Further, the three neural networks take different time node data sets as input, then output oxygen concentration predicted values of different time nodes, and compare the difference between every two nodes with a real data difference value to generate a total error cost, and the method comprises the following steps:
further, based on
Figure 747074DEST_PATH_IMAGE008
Figure 98421DEST_PATH_IMAGE004
Figure 185325DEST_PATH_IMAGE006
The following cost calculation is performed:
Figure 799977DEST_PATH_IMAGE009
Figure 175595DEST_PATH_IMAGE010
wherein, the first and the second end of the pipe are connected with each other,
Figure 330633DEST_PATH_IMAGE011
Figure 6465DEST_PATH_IMAGE012
expressed as the difference between the predicted oxygen concentration values at time nodes t and t +1, and the difference between the predicted oxygen concentration values at time nodes t-s +1 and t +1, respectively;
Figure 588756DEST_PATH_IMAGE013
Figure 245478DEST_PATH_IMAGE014
the real values of the oxygen concentration are respectively expressed as time nodes t and t +1The difference between the real values of the oxygen concentration at the time nodes t-s +1 and t + 1;
further, based on
Figure 938627DEST_PATH_IMAGE015
Figure 937807DEST_PATH_IMAGE012
Performing error cost calculation to obtain Loss1 and Loss 2; and obtains the total error cost based on the sum of Loss1 and Loss 2.
Further, the updating the weight of each neuron based on the back propagation algorithm includes:
based on a gradient descent method, updating the weights is performed so as to minimize the total error cost, thereby realizing updating of the weights of the first neural network model and facilitating more accurate prediction.
Specifically, in the present embodiment, the Back Propagation Algorithm is BP Algorithm (Error Back Propagation Algorithm).

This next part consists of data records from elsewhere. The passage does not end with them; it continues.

theorem theorem1:
  fixes K N :: nat and g d x0 :: real and PX :: "nat \<Rightarrow> real" and Z :: "real \<Rightarrow> nat"
  assumes "K \<ge> 2" and "N \<ge> 1" and "g > 0" and "d > 0"
    and "\<forall>i<K. PX i > 0" and "(\<Sum>i<K. PX i) = 1"
    and "is_quantizer N Z"
    and "\<forall>Z'. is_quantizer N Z' \<longrightarrow> mutual_info K N PX g x0 d Z' \<le> mutual_info K N PX g x0 d Z"
    and "\<forall>z\<in>range Z. \<forall>i<K. posterior K PX g x0 d Z i z > 0"
  shows "\<forall>z\<in>range Z. \<exists>F. finite F \<and> card F \<le> (N - 1) * ((K - 1) div 2) + 1
            \<and> (\<forall>I\<in>F. is_interval I) \<and> disjoint F
            \<and> \<Union>F = decision_set K PX g x0 d Z z"
proof
  fix z assume "z \<in> range Z"
  let ?J = "range Z - {z}"
  have "range Z \<subseteq> {1..N}" using \<open>is_quantizer N Z\<close> by (auto simp: is_quantizer_def)
  then have "finite ?J" and "card ?J \<le> N - 1"
    using \<open>z \<in> range Z\<close> card_mono[of "{1..N}" "range Z"] finite_subset[of "range Z" "{1..N}"]
    by (simp_all add: card_Diff_singleton)
  have "\<forall>j\<in>?J. neg_dips_le (\<lambda>y. \<Sum>i<K. PX i * chan_dens g (pam_pt x0 d i) y *
          (ln (posterior K PX g x0 d Z i z) - ln (posterior K PX g x0 d Z i j))) ((K - 1) div 2)"
    using \<open>g > 0\<close> \<open>d > 0\<close> by (intro ballI neg_dips_le_pam_statistic)
  note components = card_components_nonneg_set_le[OF \<open>finite ?J\<close> this, folded decision_set_eq]
  have "card ?J * ((K - 1) div 2) \<le> (N - 1) * ((K - 1) div 2)"
    using \<open>card ?J \<le> N - 1\<close> by (rule mult_right_mono) simp
  with components(2)
  have "card (components (decision_set K PX g x0 d Z z)) \<le> (N - 1) * ((K - 1) div 2) + 1"
    by linarith
  with components(1) show "\<exists>F. finite F \<and> card F \<le> (N - 1) * ((K - 1) div 2) + 1
      \<and> (\<forall>I\<in>F. is_interval I) \<and> disjoint F \<and> \<Union>F = decision_set K PX g x0 d Z z"
    by (rule disjoint_intervals_of_components)
qed

end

In addition, in a second aspect, this embodiment further provides a control device for a pentastatic space system based on the internet of things, where the system includes:
the acquisition module 10 acquires oxygen concentration information of a current time node in a space based on an oxygen concentration sensor of the internet of things according to a preset time interval and sends the information to the five-constant-space system controller;
the prediction module 20 predicts the predicted value of the oxygen concentration of the time node of the next time according to the oxygen concentration information of the current time node and the first neural network model by the five constant space system controllers; the first neural network model comprises a plurality of neural networks, and is used for receiving oxygen concentration values of a current time node, a previous time node and a historical random time node, and executing acquisition of oxygen concentration difference at adjacent time and oxygen concentration difference at random time; reversely adjusting the first neural network model according to the oxygen concentration difference of the adjacent time and the oxygen concentration difference of the random time;
and the adjusting module 30 is used for executing the pre-adjusting control of the oxygen concentration by the five-constant space system controller based on the predicted value of the oxygen concentration at the time node of the next time node.
Further, the first neural network model comprises a plurality of neural networks, and is used for receiving the oxygen concentration values of the current time node, the previous time node and the historical random time node, and executing to obtain the oxygen concentration difference at the adjacent time and the oxygen concentration difference at the random time; reversely adjusting the first neural network model according to the adjacent time oxygen concentration difference and the random time oxygen concentration difference, wherein the method comprises the following steps:
the number of the neural networks is three, the weights of the three neural networks are the same, the input values of the three neural networks are respectively the oxygen concentration values of the current time node, the previous time node and the historical random time node, and the output values of the three neural networks are respectively the predicted values of the oxygen concentration of the next time node under the characteristics of the oxygen concentration values of the current time node, the previous time node and the historical random time node;
the three neural networks take different time node data sets as input, then output oxygen concentration predicted values of different time nodes, compare the oxygen concentration predicted values of the different time nodes with real data difference values after pairwise difference to generate total error cost, and then receive the same total error cost value, so that the weight of each neuron is updated based on a back propagation algorithm.
Further, any one of the three neural networks is represented as a function f (x), wherein the outputs of the three neural networks are:
Figure 425420DEST_PATH_IMAGE001
wherein the content of the first and second substances,
Figure 572368DEST_PATH_IMAGE008
as oxygen concentration values based on previous time node
Figure 882258DEST_PATH_IMAGE003
Predicting an oxygen concentration prediction value with respect to the time node t;
Figure 532682DEST_PATH_IMAGE004
to the oxygen concentration value based on the current time node
Figure 456776DEST_PATH_IMAGE005
A predicted value of oxygen concentration with respect to the time node t +1, which is predicted;
Figure 559861DEST_PATH_IMAGE006
oxygen concentration value based on historical random time node
Figure 795146DEST_PATH_IMAGE007
A predicted value of the oxygen concentration with respect to the time node t-s +1 is made.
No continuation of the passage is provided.